**What the exercise asks**
Each record is to be reproduced verbatim.

**Data to use**
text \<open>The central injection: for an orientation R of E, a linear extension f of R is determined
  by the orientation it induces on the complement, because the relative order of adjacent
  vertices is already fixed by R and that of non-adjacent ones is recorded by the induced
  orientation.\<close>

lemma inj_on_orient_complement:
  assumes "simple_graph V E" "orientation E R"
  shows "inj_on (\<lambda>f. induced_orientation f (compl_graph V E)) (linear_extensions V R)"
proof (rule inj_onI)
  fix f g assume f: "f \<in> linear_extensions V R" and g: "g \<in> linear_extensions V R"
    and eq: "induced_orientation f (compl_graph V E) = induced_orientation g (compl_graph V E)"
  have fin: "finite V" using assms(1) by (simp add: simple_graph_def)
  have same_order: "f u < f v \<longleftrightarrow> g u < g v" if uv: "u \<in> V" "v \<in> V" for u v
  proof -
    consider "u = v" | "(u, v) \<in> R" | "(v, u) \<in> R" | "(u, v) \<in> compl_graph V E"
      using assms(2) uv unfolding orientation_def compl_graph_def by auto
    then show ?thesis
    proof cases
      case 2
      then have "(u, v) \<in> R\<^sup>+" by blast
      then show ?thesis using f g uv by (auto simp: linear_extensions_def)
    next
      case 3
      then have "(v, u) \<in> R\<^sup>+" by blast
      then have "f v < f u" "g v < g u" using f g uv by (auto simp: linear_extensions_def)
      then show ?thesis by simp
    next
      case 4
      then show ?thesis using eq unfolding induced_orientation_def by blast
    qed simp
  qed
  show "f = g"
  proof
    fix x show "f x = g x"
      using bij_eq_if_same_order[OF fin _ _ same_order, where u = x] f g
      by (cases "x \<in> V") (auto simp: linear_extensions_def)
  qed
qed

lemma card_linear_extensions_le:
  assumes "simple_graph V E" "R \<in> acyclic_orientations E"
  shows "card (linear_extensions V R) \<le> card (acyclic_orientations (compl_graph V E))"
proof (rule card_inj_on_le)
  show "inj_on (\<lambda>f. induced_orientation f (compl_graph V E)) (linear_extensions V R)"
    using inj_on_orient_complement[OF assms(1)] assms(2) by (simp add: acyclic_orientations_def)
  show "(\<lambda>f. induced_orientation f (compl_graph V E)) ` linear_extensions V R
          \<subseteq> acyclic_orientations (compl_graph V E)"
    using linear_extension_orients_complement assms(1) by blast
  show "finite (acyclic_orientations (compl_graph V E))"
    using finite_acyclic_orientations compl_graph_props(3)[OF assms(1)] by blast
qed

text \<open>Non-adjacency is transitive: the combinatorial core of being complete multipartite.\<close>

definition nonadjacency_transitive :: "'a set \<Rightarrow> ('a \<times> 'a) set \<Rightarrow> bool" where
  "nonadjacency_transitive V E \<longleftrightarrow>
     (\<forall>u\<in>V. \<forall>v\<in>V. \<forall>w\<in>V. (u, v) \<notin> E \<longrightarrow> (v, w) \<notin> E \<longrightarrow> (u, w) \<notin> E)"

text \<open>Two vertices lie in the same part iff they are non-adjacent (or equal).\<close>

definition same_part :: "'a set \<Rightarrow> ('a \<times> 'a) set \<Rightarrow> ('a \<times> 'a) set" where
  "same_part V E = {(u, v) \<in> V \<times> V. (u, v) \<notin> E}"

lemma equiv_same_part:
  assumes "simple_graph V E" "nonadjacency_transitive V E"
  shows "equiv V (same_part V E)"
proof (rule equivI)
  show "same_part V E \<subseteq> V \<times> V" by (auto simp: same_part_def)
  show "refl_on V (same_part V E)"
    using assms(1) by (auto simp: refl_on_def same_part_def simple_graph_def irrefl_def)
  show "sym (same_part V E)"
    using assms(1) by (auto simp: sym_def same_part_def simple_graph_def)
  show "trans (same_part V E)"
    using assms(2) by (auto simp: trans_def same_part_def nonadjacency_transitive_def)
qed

**Response box**
text \<open>The central injection: for an orientation R of E, a linear extension f of R is determined
  by the orientation it induces on the complement, because the relative order of adjacent
  vertices is already fixed by R and that of non-adjacent ones is recorded by the induced
  orientation.\<close>

lemma inj_on_orient_complement:
  assumes "simple_graph V E" "orientation E R"
  shows "inj_on (\<lambda>f. induced_orientation f (compl_graph V E)) (linear_extensions V R)"
proof (rule inj_onI)
  fix f g assume f: "f \<in> linear_extensions V R" and g: "g \<in> linear_extensions V R"
    and eq: "induced_orientation f (compl_graph V E) = induced_orientation g (compl_graph V E)"
  have fin: "finite V" using assms(1) by (simp add: simple_graph_def)
  have same_order: "f u < f v \<longleftrightarrow> g u < g v" if uv: "u \<in> V" "v \<in> V" for u v
  proof -
    consider "u = v" | "(u, v) \<in> R" | "(v, u) \<in> R" | "(u, v) \<in> compl_graph V E"
      using assms(2) uv unfolding orientation_def compl_graph_def by auto
    then show ?thesis
    proof cases
      case 2
      then have "(u, v) \<in> R\<^sup>+" by blast
      then show ?thesis using f g uv by (auto simp: linear_extensions_def)
    next
      case 3
      then have "(v, u) \<in> R\<^sup>+" by blast
      then have "f v < f u" "g v < g u" using f g uv by (auto simp: linear_extensions_def)
      then show ?thesis by simp
    next
      case 4
      then show ?thesis using eq unfolding induced_orientation_def by blast
    qed simp
  qed
  show "f = g"
  proof
    fix x show "f x = g x"
      using bij_eq_if_same_order[OF fin _ _ same_order, where u = x] f g
      by (cases "x \<in> V") (auto simp: linear_extensions_def)
  qed
qed

lemma card_linear_extensions_le:
  assumes "simple_graph V E" "R \<in> acyclic_orientations E"
  shows "card (linear_extensions V R) \<le> card (acyclic_orientations (compl_graph V E))"
proof (rule card_inj_on_le)
  show "inj_on (\<lambda>f. induced_orientation f (compl_graph V E)) (linear_extensions V R)"
    using inj_on_orient_complement[OF assms(1)] assms(2) by (simp add: acyclic_orientations_def)
  show "(\<lambda>f. induced_orientation f (compl_graph V E)) ` linear_extensions V R
          \<subseteq> acyclic_orientations (compl_graph V E)"
    using linear_extension_orients_complement assms(1) by blast
  show "finite (acyclic_orientations (compl_graph V E))"
    using finite_acyclic_orientations compl_graph_props(3)[OF assms(1)] by blast
qed

text \<open>Non-adjacency is transitive: the combinatorial core of being complete multipartite.\<close>

definition nonadjacency_transitive :: "'a set \<Rightarrow> ('a \<times> 'a) set \<Rightarrow> bool" where
  "nonadjacency_transitive V E \<longleftrightarrow>
     (\<forall>u\<in>V. \<forall>v\<in>V. \<forall>w\<in>V. (u, v) \<notin> E \<longrightarrow> (v, w) \<notin> E \<longrightarrow> (u, w) \<notin> E)"

text \<open>Two vertices lie in the same part iff they are non-adjacent (or equal).\<close>

definition same_part :: "'a set \<Rightarrow> ('a \<times> 'a) set \<Rightarrow> ('a \<times> 'a) set" where
  "same_part V E = {(u, v) \<in> V \<times> V. (u, v) \<notin> E}"

lemma equiv_same_part:
  assumes "simple_graph V E" "nonadjacency_transitive V E"
  shows "equiv V (same_part V E)"
proof (rule equivI)
  show "same_part V E \<subseteq> V \<times> V" by (auto simp: same_part_def)
  show "refl_on V (same_part V E)"
    using assms(1) by (auto simp: refl_on_def same_part_def simple_graph_def irrefl_def)
  show "sym (same_part V E)"
    using assms(1) by (auto simp: sym_def same_part_def simple_graph_def)
  show "trans (same_part V E)"
    using assms(2) by (auto simp: trans_def same_part_def nonadjacency_transitive_def)
qed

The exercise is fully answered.